Notices to the Company shall be addressed to:

      Structural GenomiX, Inc.
      10505 Roselle Street
      San Diego, California  92121
      Attn: Vice President, Finance
      Telephone: (858) 558-4850
      Facsimile:  (858) 558-3402

Notices to Holder shall be addressed to:

      Millennium Pharmaceuticals, Inc.
      40 Landsdowne Street
      Cambridge, Massachusetts 02139-4815
      Attn:  General Counsel
      Telephone:  (617) 679-7000
      Facsimile:  (617-374-0074

      Notices provided in accordance with this Section 17 shall be deemed
delivered upon personal delivery or three (3) business days after deposit in the
mail or one (1) business day after deposit with a nationally recognized
overnight courier.


                                       7.

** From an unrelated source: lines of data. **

text \<open>Finite fields are modelled by a type of class {field, finite}; p = CHAR('a), q = CARD('a).\<close>

definition field_degree :: "'a::{field,finite} itself \<Rightarrow> nat" where
  "field_degree T = (THE n. CARD('a) = CHAR('a) ^ n)"

definition abs_trace :: "'a::{field,finite} \<Rightarrow> 'a" where
  "abs_trace x = (\<Sum>i<field_degree TYPE('a). x ^ (CHAR('a) ^ i))"

definition prime_field_rep :: "'a::{field,finite} \<Rightarrow> nat" where
  "prime_field_rep y = (THE k. k < CHAR('a) \<and> of_nat k = y)"

definition omega_tr :: "'a::{field,finite} \<Rightarrow> complex" where
  "omega_tr y = exp (2 * pi * \<i> * of_nat (prime_field_rep (abs_trace y)) / of_nat CHAR('a))"

definition difference :: "('a::ab_group_add \<Rightarrow> 'a) \<Rightarrow> 'a \<Rightarrow> 'a \<Rightarrow> 'a" where
  "difference f a x = f (x + a) - f x"

definition planar :: "('a::{field,finite} \<Rightarrow> 'a) \<Rightarrow> bool" where
  "planar f \<longleftrightarrow> (\<forall>a. a \<noteq> 0 \<longrightarrow> bij (difference f a))"

definition alltop :: "('a::{field,finite} \<Rightarrow> 'a) \<Rightarrow> bool" where
  "alltop A \<longleftrightarrow> (\<forall>a. a \<noteq> 0 \<longrightarrow> planar (difference A a))"

text \<open>Vectors in C^q are functions F_q -> complex (coordinates indexed by F_q).
  Hermitian inner product, conjugate-linear in the first argument.\<close>
definition cinner :: "('a::finite \<Rightarrow> complex) \<Rightarrow> ('a \<Rightarrow> complex) \<Rightarrow> complex" where
  "cinner u v = (\<Sum>x\<in>UNIV. cnj (u x) * v x)"
(* Let $c\in\mathbb{R}[t]$ be a polynomial of degree one, let $P,D\in\mathbb{H}[t]$ with $P\neq 0$, and let $M=c^2P+\varepsilon D\in\mathbb{DH}[t]$ be reduced, i.e. there is no $r\in\mathbb{R}[t]$ of positive degree and $M'\in\mathbb{DH}[t]$ with $M=rM'$. Then $M$ cannot be written as a product of polynomials of degree one in $\mathbb{DH}[t]$.
   Context: $\mathbb{D}=\mathbb{R}[\varepsilon]/\langle\varepsilon^2\rangle$ denotes the dual numbers. $\mathbb{H}$ denotes the real quaternions with basis $1,\mathbf{i},\mathbf{j},\mathbf{k}$, $\mathbf{i}^2=\mathbf{j}^2=\mathbf{k}^2=\mathbf{i}\mathbf{j}\mathbf{k}=-1$. The dual quaternions $\mathbb{DH}$ are $\mathbb{H}\otimes_{\mathbb{R}}\mathbb{D}$ ($\varepsilon$ central, $\varepsilon^2=0$). $\mathbb{DH}[t]$ is the polynomial ring with dual quaternion coefficients in which $t$ commutes with all coefficients; every element is $P+\varepsilon D$ with $P,D\in\mathbb{H}[t]$ (primal and dual part). *)

theory Defs
  imports "HOL-Computational_Algebra.Polynomial"
begin

text \<open>Quaternion a + b i + c j + d k with i^2 = j^2 = k^2 = ijk = -1.\<close>

datatype quat = Quat (Re_q: real) (Im1: real) (Im2: real) (Im3: real)

instantiation quat :: comm_monoid_add
begin
definition zero_quat_def: "0 = Quat 0 0 0 0"
definition plus_quat_def:
  "x + y = Quat (Re_q x + Re_q y) (Im1 x + Im1 y) (Im2 x + Im2 y) (Im3 x + Im3 y)"
instance
  by standard (simp_all add: zero_quat_def plus_quat_def algebra_simps)
end

instantiation quat :: "{times, one}"
begin
definition one_quat_def: "1 = Quat 1 0 0 0"
definition times_quat_def:
  "x * y = Quat
     (Re_q x * Re_q y - Im1 x * Im1 y - Im2 x * Im2 y - Im3 x * Im3 y)
     (Re_q x * Im1 y + Im1 x * Re_q y + Im2 x * Im3 y - Im3 x * Im2 y)
     (Re_q x * Im2 y - Im1 x * Im3 y + Im2 x * Re_q y + Im3 x * Im1 y)
     (Re_q x * Im3 y + Im1 x * Im2 y - Im2 x * Im1 y + Im3 x * Re_q y)"
instance ..
end

definition quat_of_real :: "real \<Rightarrow> quat" where
  "quat_of_real r = Quat r 0 0 0"

text \<open>The library multiplication on polynomials requires a commutative coefficient
  ring, so we define the (non-commutative) Cauchy product explicitly.\<close>

definition qpmult :: "quat poly \<Rightarrow> quat poly \<Rightarrow> quat poly" where
  "qpmult p q = (\<Sum>i\<le>degree p. \<Sum>j\<le>degree q. monom (coeff p i * coeff q j) (i + j))"

text \<open>An element P + eps D of DH[t] is represented by the pair (P, D) of its primal and
  dual part, P, D in H[t].\<close>

type_synonym dqpoly = "quat poly \<times> quat poly"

    IN WITNESS WHEREOF, this Note has been duly executed and delivered by the
Company as of the date first written above.

COMPANY:

STRUCTURAL GENOMIX, INC.

By:  /s/ Herbert G. Mutter
     -----------------------------

Print Name:  Herbert G. Mutter
             ---------------------

Title:  Vice President, Finance

HOLDER:

MILLENNIUM PHARMACEUTICALS, INC.

By:  /s/ Neil Exler
     -----------------------------

Print Name:  Neil Exler
             ---------------------

Title:  VP
        --------------------------


                                       8.